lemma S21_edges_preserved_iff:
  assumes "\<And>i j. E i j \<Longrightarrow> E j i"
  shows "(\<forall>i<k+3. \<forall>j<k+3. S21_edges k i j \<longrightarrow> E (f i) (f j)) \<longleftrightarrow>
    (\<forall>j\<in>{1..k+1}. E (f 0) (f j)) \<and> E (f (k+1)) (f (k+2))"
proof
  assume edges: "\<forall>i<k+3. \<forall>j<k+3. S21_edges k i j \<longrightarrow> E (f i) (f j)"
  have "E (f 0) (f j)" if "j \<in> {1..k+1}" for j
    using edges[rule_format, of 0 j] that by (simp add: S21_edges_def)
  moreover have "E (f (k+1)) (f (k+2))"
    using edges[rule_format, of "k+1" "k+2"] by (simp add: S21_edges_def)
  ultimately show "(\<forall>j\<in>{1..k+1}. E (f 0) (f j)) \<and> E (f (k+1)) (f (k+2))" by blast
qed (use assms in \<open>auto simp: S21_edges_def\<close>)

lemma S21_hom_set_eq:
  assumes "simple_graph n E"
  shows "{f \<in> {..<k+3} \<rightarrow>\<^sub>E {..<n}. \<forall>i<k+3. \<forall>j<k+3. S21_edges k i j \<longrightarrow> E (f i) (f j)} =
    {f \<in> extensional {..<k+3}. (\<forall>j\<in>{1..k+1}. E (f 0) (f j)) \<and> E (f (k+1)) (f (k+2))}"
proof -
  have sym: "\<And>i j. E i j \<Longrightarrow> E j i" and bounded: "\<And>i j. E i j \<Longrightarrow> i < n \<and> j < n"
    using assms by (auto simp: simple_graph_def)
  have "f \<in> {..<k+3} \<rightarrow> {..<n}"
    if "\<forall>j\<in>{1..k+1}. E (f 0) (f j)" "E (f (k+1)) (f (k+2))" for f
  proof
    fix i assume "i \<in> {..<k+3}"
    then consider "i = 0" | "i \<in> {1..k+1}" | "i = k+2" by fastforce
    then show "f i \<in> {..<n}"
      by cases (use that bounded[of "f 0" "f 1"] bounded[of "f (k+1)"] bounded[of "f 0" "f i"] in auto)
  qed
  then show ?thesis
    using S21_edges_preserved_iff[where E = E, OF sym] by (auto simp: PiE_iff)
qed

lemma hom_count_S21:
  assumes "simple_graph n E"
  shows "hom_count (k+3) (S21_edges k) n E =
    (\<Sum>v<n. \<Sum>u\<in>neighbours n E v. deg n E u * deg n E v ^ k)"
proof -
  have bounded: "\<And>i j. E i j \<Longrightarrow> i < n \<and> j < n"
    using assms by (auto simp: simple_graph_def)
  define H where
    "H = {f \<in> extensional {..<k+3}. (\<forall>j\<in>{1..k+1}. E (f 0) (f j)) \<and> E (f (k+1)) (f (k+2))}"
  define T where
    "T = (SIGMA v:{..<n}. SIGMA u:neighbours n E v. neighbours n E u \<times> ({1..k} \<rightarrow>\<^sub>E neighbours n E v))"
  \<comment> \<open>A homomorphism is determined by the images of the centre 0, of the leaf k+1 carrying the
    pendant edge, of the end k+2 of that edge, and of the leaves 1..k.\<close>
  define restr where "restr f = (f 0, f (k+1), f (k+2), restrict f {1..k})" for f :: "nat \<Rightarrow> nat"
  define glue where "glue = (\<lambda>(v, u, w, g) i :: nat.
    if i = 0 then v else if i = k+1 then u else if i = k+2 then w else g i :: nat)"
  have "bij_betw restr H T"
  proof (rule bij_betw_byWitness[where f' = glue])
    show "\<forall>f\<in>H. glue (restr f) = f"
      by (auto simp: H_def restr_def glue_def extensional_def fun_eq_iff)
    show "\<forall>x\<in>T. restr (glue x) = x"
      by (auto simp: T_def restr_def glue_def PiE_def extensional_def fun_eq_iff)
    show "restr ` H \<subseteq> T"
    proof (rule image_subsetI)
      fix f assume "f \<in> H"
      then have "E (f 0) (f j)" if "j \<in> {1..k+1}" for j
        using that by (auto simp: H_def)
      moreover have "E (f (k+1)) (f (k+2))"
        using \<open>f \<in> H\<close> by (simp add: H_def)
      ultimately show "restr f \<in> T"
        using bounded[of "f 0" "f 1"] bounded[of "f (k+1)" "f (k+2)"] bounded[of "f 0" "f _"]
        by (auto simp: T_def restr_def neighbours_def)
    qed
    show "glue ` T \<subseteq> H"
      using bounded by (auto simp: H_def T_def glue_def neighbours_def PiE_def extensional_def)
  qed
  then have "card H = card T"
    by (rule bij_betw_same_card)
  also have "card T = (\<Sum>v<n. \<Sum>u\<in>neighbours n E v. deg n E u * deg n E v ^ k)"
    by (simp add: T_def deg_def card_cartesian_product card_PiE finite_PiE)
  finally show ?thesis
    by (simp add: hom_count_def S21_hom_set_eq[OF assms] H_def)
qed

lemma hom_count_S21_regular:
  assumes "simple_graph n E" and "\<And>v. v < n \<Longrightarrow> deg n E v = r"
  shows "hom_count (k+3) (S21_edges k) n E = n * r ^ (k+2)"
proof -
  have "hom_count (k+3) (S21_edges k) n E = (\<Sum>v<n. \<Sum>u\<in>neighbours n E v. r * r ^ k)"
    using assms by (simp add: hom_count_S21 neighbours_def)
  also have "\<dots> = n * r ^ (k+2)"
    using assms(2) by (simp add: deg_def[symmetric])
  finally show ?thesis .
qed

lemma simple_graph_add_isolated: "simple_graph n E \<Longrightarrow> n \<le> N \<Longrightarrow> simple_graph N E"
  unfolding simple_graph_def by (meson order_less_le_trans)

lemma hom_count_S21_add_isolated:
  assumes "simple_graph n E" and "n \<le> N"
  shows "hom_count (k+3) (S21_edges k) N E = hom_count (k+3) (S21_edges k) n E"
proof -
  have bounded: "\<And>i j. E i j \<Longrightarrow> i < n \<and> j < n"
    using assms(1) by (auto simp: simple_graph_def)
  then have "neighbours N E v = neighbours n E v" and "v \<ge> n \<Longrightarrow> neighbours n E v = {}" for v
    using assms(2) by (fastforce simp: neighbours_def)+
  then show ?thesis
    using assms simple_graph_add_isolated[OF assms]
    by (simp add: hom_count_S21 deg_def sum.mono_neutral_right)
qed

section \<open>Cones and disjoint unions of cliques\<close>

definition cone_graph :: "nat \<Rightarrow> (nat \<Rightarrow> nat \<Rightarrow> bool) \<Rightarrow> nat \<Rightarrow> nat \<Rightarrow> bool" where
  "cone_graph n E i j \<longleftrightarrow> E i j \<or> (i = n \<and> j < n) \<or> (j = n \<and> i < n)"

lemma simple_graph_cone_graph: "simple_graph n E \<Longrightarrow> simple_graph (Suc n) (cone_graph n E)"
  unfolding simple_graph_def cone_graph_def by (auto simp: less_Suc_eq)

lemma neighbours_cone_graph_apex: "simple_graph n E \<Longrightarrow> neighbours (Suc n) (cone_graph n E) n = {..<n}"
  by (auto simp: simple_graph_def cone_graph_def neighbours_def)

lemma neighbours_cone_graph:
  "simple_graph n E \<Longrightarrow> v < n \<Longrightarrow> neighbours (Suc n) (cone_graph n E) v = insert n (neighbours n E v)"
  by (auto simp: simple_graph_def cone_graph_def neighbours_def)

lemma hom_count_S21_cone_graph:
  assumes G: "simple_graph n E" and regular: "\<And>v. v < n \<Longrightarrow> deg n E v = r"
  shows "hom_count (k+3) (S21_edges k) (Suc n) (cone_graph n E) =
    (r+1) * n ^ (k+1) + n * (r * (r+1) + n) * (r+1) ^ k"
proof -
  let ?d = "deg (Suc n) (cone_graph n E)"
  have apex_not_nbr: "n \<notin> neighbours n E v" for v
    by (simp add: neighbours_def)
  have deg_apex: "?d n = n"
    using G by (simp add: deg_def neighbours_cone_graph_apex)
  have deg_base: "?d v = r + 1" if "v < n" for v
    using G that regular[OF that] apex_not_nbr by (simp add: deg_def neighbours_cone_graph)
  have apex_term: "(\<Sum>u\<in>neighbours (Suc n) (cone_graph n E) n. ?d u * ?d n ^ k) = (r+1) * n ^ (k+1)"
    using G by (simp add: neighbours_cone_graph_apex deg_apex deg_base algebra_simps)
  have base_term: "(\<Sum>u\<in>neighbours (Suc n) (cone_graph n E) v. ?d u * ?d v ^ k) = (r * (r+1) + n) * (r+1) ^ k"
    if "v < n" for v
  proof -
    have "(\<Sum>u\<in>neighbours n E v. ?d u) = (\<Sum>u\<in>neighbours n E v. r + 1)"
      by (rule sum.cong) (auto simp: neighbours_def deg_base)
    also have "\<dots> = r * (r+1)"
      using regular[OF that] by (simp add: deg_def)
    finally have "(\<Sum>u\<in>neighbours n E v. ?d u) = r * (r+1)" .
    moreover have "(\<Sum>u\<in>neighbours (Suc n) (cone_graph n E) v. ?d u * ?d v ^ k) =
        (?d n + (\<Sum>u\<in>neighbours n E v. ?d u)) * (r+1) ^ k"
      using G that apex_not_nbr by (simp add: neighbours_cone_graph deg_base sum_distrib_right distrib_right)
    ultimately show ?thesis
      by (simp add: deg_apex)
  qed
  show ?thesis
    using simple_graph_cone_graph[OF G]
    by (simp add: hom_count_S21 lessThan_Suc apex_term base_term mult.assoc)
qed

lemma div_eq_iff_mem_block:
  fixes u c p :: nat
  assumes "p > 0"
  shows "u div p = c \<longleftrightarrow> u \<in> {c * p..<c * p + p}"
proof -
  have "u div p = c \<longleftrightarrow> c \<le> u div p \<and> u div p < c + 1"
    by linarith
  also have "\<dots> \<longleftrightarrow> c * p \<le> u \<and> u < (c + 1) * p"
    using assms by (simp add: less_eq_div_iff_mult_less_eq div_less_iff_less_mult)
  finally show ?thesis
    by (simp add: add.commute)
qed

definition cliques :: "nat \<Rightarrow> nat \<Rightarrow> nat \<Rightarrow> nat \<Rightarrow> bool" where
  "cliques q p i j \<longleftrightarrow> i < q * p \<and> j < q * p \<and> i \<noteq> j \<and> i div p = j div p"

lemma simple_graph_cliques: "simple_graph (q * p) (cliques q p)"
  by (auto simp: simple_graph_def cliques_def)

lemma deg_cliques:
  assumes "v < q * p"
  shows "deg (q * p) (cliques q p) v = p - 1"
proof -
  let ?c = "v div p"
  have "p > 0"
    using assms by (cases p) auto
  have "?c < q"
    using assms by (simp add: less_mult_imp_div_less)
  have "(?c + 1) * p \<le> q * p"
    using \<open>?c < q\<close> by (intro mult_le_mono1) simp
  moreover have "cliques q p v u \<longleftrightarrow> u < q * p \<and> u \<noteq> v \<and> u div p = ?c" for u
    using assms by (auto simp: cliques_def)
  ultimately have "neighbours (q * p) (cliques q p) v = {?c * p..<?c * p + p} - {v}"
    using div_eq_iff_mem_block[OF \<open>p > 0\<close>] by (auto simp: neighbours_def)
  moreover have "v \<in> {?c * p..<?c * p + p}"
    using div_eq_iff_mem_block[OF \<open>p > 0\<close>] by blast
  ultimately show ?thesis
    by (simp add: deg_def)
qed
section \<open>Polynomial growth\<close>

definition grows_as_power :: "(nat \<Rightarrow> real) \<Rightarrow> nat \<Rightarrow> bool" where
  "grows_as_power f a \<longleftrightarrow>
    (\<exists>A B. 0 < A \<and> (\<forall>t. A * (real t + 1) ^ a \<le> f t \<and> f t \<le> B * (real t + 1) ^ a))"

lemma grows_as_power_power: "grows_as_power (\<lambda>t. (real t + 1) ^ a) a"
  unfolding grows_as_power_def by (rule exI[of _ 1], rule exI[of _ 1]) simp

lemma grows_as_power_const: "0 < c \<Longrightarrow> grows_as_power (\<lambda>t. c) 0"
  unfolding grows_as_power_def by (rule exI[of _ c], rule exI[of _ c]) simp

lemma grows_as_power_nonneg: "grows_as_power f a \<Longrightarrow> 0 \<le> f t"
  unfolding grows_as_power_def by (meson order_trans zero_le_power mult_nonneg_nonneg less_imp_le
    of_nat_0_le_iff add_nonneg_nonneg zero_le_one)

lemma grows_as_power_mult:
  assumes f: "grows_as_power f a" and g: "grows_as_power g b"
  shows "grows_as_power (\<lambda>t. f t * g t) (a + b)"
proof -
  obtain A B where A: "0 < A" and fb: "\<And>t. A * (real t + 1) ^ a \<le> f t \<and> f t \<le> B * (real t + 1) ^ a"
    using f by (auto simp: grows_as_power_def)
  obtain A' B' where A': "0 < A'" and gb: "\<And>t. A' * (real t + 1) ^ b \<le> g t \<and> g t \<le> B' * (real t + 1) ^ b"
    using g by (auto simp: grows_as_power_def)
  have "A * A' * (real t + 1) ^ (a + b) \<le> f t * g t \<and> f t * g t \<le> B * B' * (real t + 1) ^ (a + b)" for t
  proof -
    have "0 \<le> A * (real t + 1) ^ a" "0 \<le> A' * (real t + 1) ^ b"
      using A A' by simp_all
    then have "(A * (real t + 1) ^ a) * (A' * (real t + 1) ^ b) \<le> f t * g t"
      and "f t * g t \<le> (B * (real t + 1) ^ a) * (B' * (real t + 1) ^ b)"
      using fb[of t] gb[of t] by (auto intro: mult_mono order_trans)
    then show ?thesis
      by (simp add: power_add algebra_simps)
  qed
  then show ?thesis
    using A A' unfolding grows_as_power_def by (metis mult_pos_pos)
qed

YOUR TASK ▸ Please copy out each line in the entries that mentions the string "meson".

RESULT FOR THIS TASK ▸
  unfolding simple_graph_def by (meson order_less_le_trans)
  unfolding grows_as_power_def by (meson order_trans zero_le_power mult_nonneg_nonneg less_imp_le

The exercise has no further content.